About this exercise:
Beginning with the line that contains "using quadratic_form_lower_bound[OF u]", return every line down to the last one in the material below, exactly and with no others.

Data records:
^^^^
lemma solution_abs_sum_bound:
  assumes u: "u \<in> carrier_vec n" and sol: "A *\<^sub>v u = y" and y: "\<And>i. i < n \<Longrightarrow> \<bar>y $ i\<bar> \<le> M"
  shows "m * (real n - 2) * (\<Sum>i\<in>{0..<n}. \<bar>u $ i\<bar>) \<le> real n * M"
proof -
  define \<kappa> where "\<kappa> = m * (real n - 2)"
  define t where "t = (\<Sum>i\<in>{0..<n}. \<bar>u $ i\<bar>)"
  have \<kappa>: "0 < \<kappa>"
    using coercivity_pos by (simp add: \<kappa>_def)
  have M: "0 \<le> M"
    using y[of 0] three_le_dim by linarith
  have "u \<bullet> y = (\<Sum>i\<in>{0..<n}. u $ i * y $ i)"
    using u carrier by (simp add: scalar_prod_def flip: sol)
  also have "\<dots> \<le> (\<Sum>i\<in>{0..<n}. \<bar>u $ i\<bar> * M)"
  proof (rule sum_mono)
    fix i assume "i \<in> {0..<n}"
    then have "\<bar>u $ i\<bar> * \<bar>y $ i\<bar> \<le> \<bar>u $ i\<bar> * M"
      using y by (simp add: mult_left_mono)
    then show "u $ i * y $ i \<le> \<bar>u $ i\<bar> * M"
      by (metis abs_ge_self abs_mult order_trans)
  qed
  also have "\<dots> = M * t"
    by (simp add: t_def sum_distrib_left mult.commute)
  finally have quad: "\<kappa> * (u \<bullet> u) \<le> M * t"
    using quadratic_form_lower_bound[OF u] sol by (simp add: \<kappa>_def)
  have "t\<^sup>2 \<le> real n * (u \<bullet> u)"
    using sum_abs_squared_le[of "\<lambda>i. u $ i" n] scalar_prod_self_eq_sum[OF u] by (simp add: t_def)
  then have "\<kappa> * t\<^sup>2 \<le> real n * (\<kappa> * (u \<bullet> u))"
    using \<kappa> by (simp add: mult_left_mono mult.left_commute)
  also have "\<dots> \<le> real n * (M * t)"
    using quad by (simp add: mult_left_mono)
  finally have "(\<kappa> * t) * t \<le> (real n * M) * t"
    by (simp add: power2_eq_square algebra_simps)
  moreover have "0 \<le> t"
    by (simp add: t_def sum_nonneg)
  ultimately have "\<kappa> * t \<le> real n * M"
    using M by (cases "t = 0") (auto dest: mult_right_le_imp_le)
  then show ?thesis
    by (simp add: \<kappa>_def t_def)
qed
^^^^
Result below:
    using quadratic_form_lower_bound[OF u] sol by (simp add: \<kappa>_def)
  have "t\<^sup>2 \<le> real n * (u \<bullet> u)"
    using sum_abs_squared_le[of "\<lambda>i. u $ i" n] scalar_prod_self_eq_sum[OF u] by (simp add: t_def)
  then have "\<kappa> * t\<^sup>2 \<le> real n * (\<kappa> * (u \<bullet> u))"
    using \<kappa> by (simp add: mult_left_mono mult.left_commute)
  also have "\<dots> \<le> real n * (M * t)"
    using quad by (simp add: mult_left_mono)
  finally have "(\<kappa> * t) * t \<le> (real n * M) * t"
    by (simp add: power2_eq_square algebra_simps)
  moreover have "0 \<le> t"
    by (simp add: t_def sum_nonneg)
  ultimately have "\<kappa> * t \<le> real n * M"
    using M by (cases "t = 0") (auto dest: mult_right_le_imp_le)
  then show ?thesis
    by (simp add: \<kappa>_def t_def)
qed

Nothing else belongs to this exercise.